OPINION

[Trudy Rubin] Will anyone save Syrians in Idlib from possible massacre by Putin, Assad?

By Korea Herald
  • Published : Sept 16, 2018 - 17:28
  • Updated : Sept 16, 2018 - 17:28
The world is watching as Russia and the Syrian regime prepare to unleash the biggest bloodbath yet in the Syrian saga of horrors. Yet no one seems to know how to prevent a massive attack on Idlib, the last Syrian rebel-held stronghold, where nearly a million civilians are trapped.

UN Secretary-General Antonio Guterres just warned that a full-scale Russian assault on Idlib “would unleash a humanitarian nightmare unlike any seen in the blood-soaked Syrian conflict.” Moscow rebuffed the pleas of Guterres’ top emissary who called for humanitarian corridors to allow the temporary evacuation of civilians.

Nikki Haley, the US ambassador to the United Nations, warned Syrian dictator Bashar Assad along with his Russian and Iranian allies that “the consequences will be dire. The world will hold them responsible.”

But neither Assad nor Vladimir Putin believe the world (or Washington) will lift a finger. Why should they, given the unchecked carnage they’ve unleashed on Syrian civilians over the past seven years?

If Assad and company are permitted to commit atrocities in Idlib, it will reconfirm that autocrats and dictators can get away with mass murder in today’s world.

So Idlib is a litmus test for the civilized world.

There is plenty of blame to go around for the lead up to Idlib. Let us start with President Obama and the Saudis. Eager to avoid another US military involvement like Iraq, Obama subcontracted to Saudi Arabia to help Syrian rebels eager to oust their dictator. The Saudis and Gulf States preferred to funnel funds to Islamists rather than more secular rebels, who might have provided a potent force had they received aid in 2012.

Then come the major culprits, Assad, Putin and Iran’s ayatollahs. In 2015, when Assad was reeling, Moscow and Tehran came to his aid, the former with planes and the latter with Shiite militia fighters. Their primary targets were not the Islamists, but rather the more moderate rebels who might have provided a serious alternative to Assad. With Russian aid, Assad dropped thousands of barrel bombs on rebel-held cities, deliberately targeting schools and hospitals, and using starvation as a weapon. Rebels who surrendered were often tortured and murdered.

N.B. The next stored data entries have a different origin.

(* Let $X$ be an ultrahomogeneous linear order, let $\Gamma$ be the group of all automorphisms of $X$ acting by application, and let $I$ be the ideal of nowhere dense subsets of $X$ (in the order topology). Then $\Gamma\curvearrowright X, I$ is a simple dynamical ideal.
   Context: A linear order is ultrahomogeneous if every order-isomorphism between finite subsets extends to an automorphism. For a group $\Gamma$ acting on $X$ and $a\subseteq X$, $\mathrm{pstab}(a)=\{\gamma\in\Gamma:\gamma\cdot x=x\ \forall x\in a\}$. A dynamical ideal $\Gamma\curvearrowright X, I$ (a $\Gamma$-invariant ideal containing all singletons) is simple if for all $a\subseteq b$ in $I$, the only normal subgroup of $\mathrm{pstab}(a)$ containing $\mathrm{pstab}(b)$ is $\mathrm{pstab}(a)$ itself. *)

theory Defs
  imports "HOL-Analysis.Analysis" "HOL-Algebra.Group_Action"
begin

definition nowhere_dense :: "'a::topological_space set \<Rightarrow> bool" where
  "nowhere_dense A \<longleftrightarrow> interior (closure A) = {}"

definition order_aut_group :: "('a::linorder \<Rightarrow> 'a) monoid" where
  "order_aut_group = \<lparr>carrier = {f. bij f \<and> strict_mono f}, mult = (\<circ>), one = id\<rparr>"

definition ultrahomogeneous :: "'a::linorder itself \<Rightarrow> bool" where
  "ultrahomogeneous (TYPE('a)) \<longleftrightarrow>
     (\<forall>(A::'a set) (h::'a \<Rightarrow> 'a). finite A \<and> strict_mono_on A h \<longrightarrow>
        (\<exists>f \<in> carrier (order_aut_group :: ('a \<Rightarrow> 'a) monoid). \<forall>x\<in>A. f x = h x))"

definition set_ideal :: "'x set \<Rightarrow> 'x set set \<Rightarrow> bool" where
  "set_ideal X I \<longleftrightarrow> I \<subseteq> Pow X \<and> {} \<in> I \<and>
     (\<forall>A B. A \<in> I \<and> B \<subseteq> A \<longrightarrow> B \<in> I) \<and>
     (\<forall>A B. A \<in> I \<and> B \<in> I \<longrightarrow> A \<union> B \<in> I)"

definition dynamical_ideal ::
  "('g, 'b) monoid_scheme \<Rightarrow> 'x set \<Rightarrow> ('g \<Rightarrow> 'x \<Rightarrow> 'x) \<Rightarrow> 'x set set \<Rightarrow> bool" where
  "dynamical_ideal G X act I \<longleftrightarrow>
     group_action G X act \<and> set_ideal X I \<and>
     (\<forall>g \<in> carrier G. \<forall>A \<in> I. act g ` A \<in> I) \<and>
     (\<forall>x \<in> X. {x} \<in> I)"

definition pstab :: "('g, 'b) monoid_scheme \<Rightarrow> ('g \<Rightarrow> 'x \<Rightarrow> 'x) \<Rightarrow> 'x set \<Rightarrow> 'g set" where
  "pstab G act a = {g \<in> carrier G. \<forall>x \<in> a. act g x = x}"

definition simple_dynamical_ideal ::
  "('g, 'b) monoid_scheme \<Rightarrow> 'x set \<Rightarrow> ('g \<Rightarrow> 'x \<Rightarrow> 'x) \<Rightarrow> 'x set set \<Rightarrow> bool" where
  "simple_dynamical_ideal G X act I \<longleftrightarrow>
     dynamical_ideal G X act I \<and>
     (\<forall>a b. a \<in> I \<and> b \<in> I \<and> a \<subseteq> b \<longrightarrow>
        (\<forall>N. normal N (G\<lparr>carrier := pstab G act a\<rparr>) \<and> pstab G act b \<subseteq> N
             \<longrightarrow> N = pstab G act a))"

end

theory Submission
  imports Defs
begin

text \<open>An ultrahomogeneous order with two points is dense without endpoints, so a set is nowhere
  dense iff every open interval contains an open subinterval missing it; in this form the
  ideal is visibly invariant under automorphisms.

  For simplicity of the ideal, let \<open>a \<subseteq> b\<close> be nowhere dense and \<open>N\<close> normal in \<open>fixing a\<close> with
  \<open>fixing b \<subseteq> N\<close>. If \<open>f \<in> fixing a\<close> is supported in the middle parts \<open>(c i, d i)\<close> of pairwise
  disjoint intervals \<open>(m i, m' i)\<close> avoiding \<open>a\<close>, ultrahomogeneity and nowhere density of \<open>b\<close>
  give \<open>k \<in> fixing a\<close> moving \<open>b\<close> out of every \<open>(c i, d i)\<close>; then \<open>k\<inverse> f k \<in> fixing b \<subseteq> N\<close>,
  so \<open>f \<in> N\<close>. Every element of \<open>fixing a\<close> is a product \<open>u \<circ> v\<inverse>\<close> of automorphisms moving points
  only upwards, and such a \<open>g\<close> acts on the convex hull of each of its orbits like a
  translation. Choosing a representative \<open>x0\<close> per orbit, one builds \<open>g_even\<close> agreeing with \<open>g\<close>
  on a window inside each even fundamental domain \<open>(g\<^sup>2\<^sup>j x0, g\<^sup>2\<^sup>j\<^sup>+\<^sup>2 x0)\<close> and supported there;
  then \<open>g \<circ> g_even\<inverse>\<close> is supported in the odd fundamental domains, and both factors lie in \<open>N\<close>
  by the first step.\<close>

subsection \<open>The automorphism group of a linear order\<close>

definition order_auts :: "('a::linorder \<Rightarrow> 'a) set" where
  "order_auts = {f. bij f \<and> strict_mono f}"

text \<open>\<open>inv\<close> alone denotes the group inverse of HOL-Algebra here.\<close>

abbreviation fun_inv :: "('a \<Rightarrow> 'b) \<Rightarrow> 'b \<Rightarrow> 'a" where
  "fun_inv f \<equiv> inv_into UNIV f"

lemma carrier_order_aut_group [simp]: "carrier order_aut_group = order_auts"
  by (simp add: order_aut_group_def order_auts_def)

lemma mult_order_aut_group [simp]: "f \<otimes>\<^bsub>order_aut_group\<^esub> g = f \<circ> g"
  by (simp add: order_aut_group_def)

lemma one_order_aut_group [simp]: "\<one>\<^bsub>order_aut_group\<^esub> = id"
  by (simp add: order_aut_group_def)

lemma order_autsI: "strict_mono f \<Longrightarrow> surj f \<Longrightarrow> f \<in> order_auts"
  by (simp add: order_auts_def bij_def strict_mono_imp_inj_on)

lemma inv_in_order_auts: "f \<in> order_auts \<Longrightarrow> fun_inv f \<in> order_auts"
  by (auto simp: order_auts_def bij_imp_bij_inv bij_is_inj bij_is_surj
      intro: strict_mono_inv[of f])

lemma comp_in_order_auts: "f \<in> order_auts \<Longrightarrow> g \<in> order_auts \<Longrightarrow> f \<circ> g \<in> order_auts"
  by (auto simp: order_auts_def bij_comp strict_mono_def)

lemma id_in_order_auts: "id \<in> order_auts"
  by (auto simp: order_auts_def strict_mono_def)

lemma order_auts_less_iff [simp]: "f \<in> order_auts \<Longrightarrow> f x < f y \<longleftrightarrow> x < y"
  by (simp add: order_auts_def strict_mono_less)

lemma order_auts_le_iff [simp]: "f \<in> order_auts \<Longrightarrow> f x \<le> f y \<longleftrightarrow> x \<le> y"
  by (simp add: order_auts_def strict_mono_less_eq)

lemma order_auts_inv_apply [simp]: "f \<in> order_auts \<Longrightarrow> fun_inv f (f x) = x"
  by (simp add: order_auts_def bij_is_inj)

lemma order_auts_apply_inv [simp]: "f \<in> order_auts \<Longrightarrow> f (fun_inv f x) = x"
  by (simp add: order_auts_def bij_is_surj surj_f_inv_f)

lemma le_order_auts_apply_iff: "f \<in> order_auts \<Longrightarrow> u \<le> f x \<longleftrightarrow> fun_inv f u \<le> x"
  using order_auts_le_iff[of f "fun_inv f u" x] by simp

lemma order_auts_apply_le_iff: "f \<in> order_auts \<Longrightarrow> f x \<le> u \<longleftrightarrow> x \<le> fun_inv f u"
  using order_auts_le_iff[of f x "fun_inv f u"] by simp

lemma group_order_aut_group: "group (order_aut_group :: ('a::linorder \<Rightarrow> 'a) monoid)"
proof (rule groupI)
  fix f :: "'a \<Rightarrow> 'a"
  assume "f \<in> carrier order_aut_group"
  then show "\<exists>f'\<in>carrier order_aut_group. f' \<otimes>\<^bsub>order_aut_group\<^esub> f = \<one>\<^bsub>order_aut_group\<^esub>"
    by (intro bexI[of _ "fun_inv f"]) (auto simp: inv_in_order_auts fun_eq_iff)
qed (auto simp: comp_in_order_auts id_in_order_auts comp_assoc)

lemma m_inv_order_aut_group [simp]:
  "f \<in> order_auts \<Longrightarrow> inv\<^bsub>order_aut_group\<^esub> f = fun_inv f"
  by (rule group.inv_equality[OF group_order_aut_group]) (auto simp: inv_in_order_auts fun_eq_iff)

lemma group_action_order_aut_group:
  "group_action (order_aut_group :: ('a::linorder \<Rightarrow> 'a) monoid) UNIV (\<lambda>f x. f x)"
  unfolding group_action_def group_hom_def group_hom_axioms_def
proof (intro conjI group_order_aut_group group_BijGroup)
  show "(\<lambda>f x. f x) \<in> hom order_aut_group (BijGroup (UNIV::'a set))"
    by (auto simp: hom_def BijGroup_def Bij_def order_auts_def compose_def fun_eq_iff)
qed

abbreviation fixing :: "'a::linorder set \<Rightarrow> ('a \<Rightarrow> 'a) set" where
  "fixing A \<equiv> {f \<in> order_auts. \<forall>x\<in>A. f x = x}"

lemma pstab_order_aut_group: "pstab order_aut_group (\<lambda>f x. f x) A = fixing A"
  by (simp add: pstab_def)

lemma inv_in_fixing: "f \<in> fixing A \<Longrightarrow> fun_inv f \<in> fixing A"
  by (simp add: inv_in_order_auts) (metis order_auts_inv_apply)

lemma subgroup_fixing: "subgroup (fixing A) order_aut_group"
proof (rule group.subgroupI[OF group_order_aut_group])
  show "fixing A \<noteq> {}" using id_in_order_auts by auto
next
  fix f assume "f \<in> fixing A"
  then show "inv\<^bsub>order_aut_group\<^esub> f \<in> fixing A"
    using inv_in_fixing[of f A] m_inv_order_aut_group[of f] by auto
qed (auto simp: comp_in_order_auts)

subsection \<open>Consequences of ultrahomogeneity\<close>

lemma ultrahomogeneous_extend:
  assumes "ultrahomogeneous TYPE('a::linorder)" "finite A" "strict_mono_on A h"
  shows "\<exists>f\<in>order_auts. \<forall>x\<in>A. f x = (h x :: 'a)"
  using assms by (auto simp: ultrahomogeneous_def)

lemma ultrahomogeneous_transitive:
  assumes "ultrahomogeneous TYPE('a::linorder)"
  shows "\<exists>f\<in>order_auts. f x = (y::'a)"
  using ultrahomogeneous_extend[OF assms, of "{x}" "\<lambda>_. y"] by (auto simp: strict_mono_on_def)

lemma ultrahomogeneous_pair:
  assumes "ultrahomogeneous TYPE('a::linorder)" "x1 < x2" "y1 < (y2::'a)"
  shows "\<exists>f\<in>order_auts. f x1 = y1 \<and> f x2 = y2"
proof -
  have "\<exists>f\<in>order_auts. \<forall>x\<in>{x1, x2}. f x = (if x = x1 then y1 else y2)"
    by (rule ultrahomogeneous_extend[OF assms(1)]) (use assms in \<open>auto simp: strict_mono_on_def\<close>)
  then show ?thesis using assms by auto
qed

lemma ultrahomogeneous_quadruple:
  assumes "ultrahomogeneous TYPE('a::linorder)" "x1 < x2" "x2 < x3" "x3 < x4"
    "y1 < y2" "y2 < y3" "y3 < (y4::'a)"
  shows "\<exists>f\<in>order_auts. f x1 = y1 \<and> f x2 = y2 \<and> f x3 = y3 \<and> f x4 = y4"
proof -
  let ?h = "\<lambda>z. if z = x1 then y1 else if z = x2 then y2 else if z = x3 then y3 else y4"
  have "\<exists>f\<in>order_auts. \<forall>x\<in>{x1, x2, x3, x4}. f x = ?h x"
    by (rule ultrahomogeneous_extend[OF assms(1)]) (use assms in \<open>auto simp: strict_mono_on_def\<close>)
  then obtain f where "f \<in> order_auts" "\<forall>x\<in>{x1, x2, x3, x4}. f x = ?h x" by blast
  then show ?thesis using assms by (intro bexI[of _ f]) auto
qed

lemma ultrahomogeneous_gt_ex:
  assumes "ultrahomogeneous TYPE('a::linorder)" "\<exists>x y :: 'a. x \<noteq> y"
  shows "\<exists>y. (x::'a) < y"
proof -
  obtain p q :: 'a where "p < q" using assms(2) by (metis linorder_neqE)
  moreover obtain f where "f \<in> order_auts" "f p = x"
    using ultrahomogeneous_transitive[OF assms(1)] by blast
  ultimately show ?thesis by (intro exI[of _ "f q"]) auto
qed

lemma ultrahomogeneous_lt_ex:
  assumes "ultrahomogeneous TYPE('a::linorder)" "\<exists>x y :: 'a. x \<noteq> y"
  shows "\<exists>y. y < (x::'a)"
proof -
  obtain p q :: 'a where "p < q" using assms(2) by (metis linorder_neqE)
  moreover obtain f where "f \<in> order_auts" "f q = x"
    using ultrahomogeneous_transitive[OF assms(1)] by blast
  ultimately show ?thesis by (intro exI[of _ "f p"]) auto
qed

And let us not forget Turkey. Idlib sits close to the Turkish border. With Turkish help, and some Turkish troops, the region has become the last stand for rebels and many civilians who fled other conquered cities. The rebels include tens of thousands of relative “moderates” but also around 10,000 jihadis with al-Qaida links. Turkey has failed to take on hardline Islamists, who are now preventing civilians from fleeing.

Last but not least we have the Trump administration. Placing vain hopes in Putin to resolve the Syrian mess, the president produced no Syria strategy until now. The State Department has finally put a good team in place, but it may be too late.

Noted Syria expert Josh Landis is correct to point out that many share the blame for the desperate crisis in Idlib. “The United States, the Gulf states, and Europe,” says Landis, “encouraged a lot of Syrian (rebels) to become involved and now they don’t want to take responsibility. Everyone is trying to shed crocodile tears but we’re all complicit.”

All true. But the urgent question is what can be done to prevent the slaughter of civilians in Idlib.

First, it’s necessary to be crystal clear about the nature of the problem. Russian officials delight in proclaiming that they, and Assad, only want to fight terrorists. History proves that claim untrue; Assad simply wants to consolidate power. Moreover, fighting terrorists does not justify the deliberate targeting of civilians. Remember Aleppo.

A couple of examples: Only recently, the United Nations passed on the coordinates of 235 schools and hospitals in Idlib to Russia in hopes to spare them from bombing, but already four of the hospitals have been targeted. Moreover, the Russians – who still deny that Assad ever used chemical weapons – are proclaiming a plot by the West to organize fake chemical attacks in Idlib. What better cover story for Assad terrify Idlib civilians into believing he will use gas on them.

Which brings us to the question of how to prevent such civilian carnage. I see little chance to avoid a regime attack on Idlib. So the best way to save civilians is to get as many of them as possible out of the region. The pressure must continue on Russia to permit humanitarian corridors. Over and over, Washington must publicize the message that the blame for new Idlib bloodshed would lay with Putin and Assad.

Turkey must be encouraged to let the refugees shelter in Syrian territory it controls near the Turkish border. But that situation is only temporary. Eventually many of those refugees must leave Syria or face Assad’s torture. Yet the Trump administration admits almost no refugees from Syria.

“If it’s a slaughter,” President Trump said of Idlib, “the United States is going to get very angry.” If he truly cares about the fate of Syrian civilians, he should let thousands of them find safety here.


Trudy Rubin

Trudy Rubin is a columnist and editorial-board member for the Philadelphia Inquirer. -- Ed.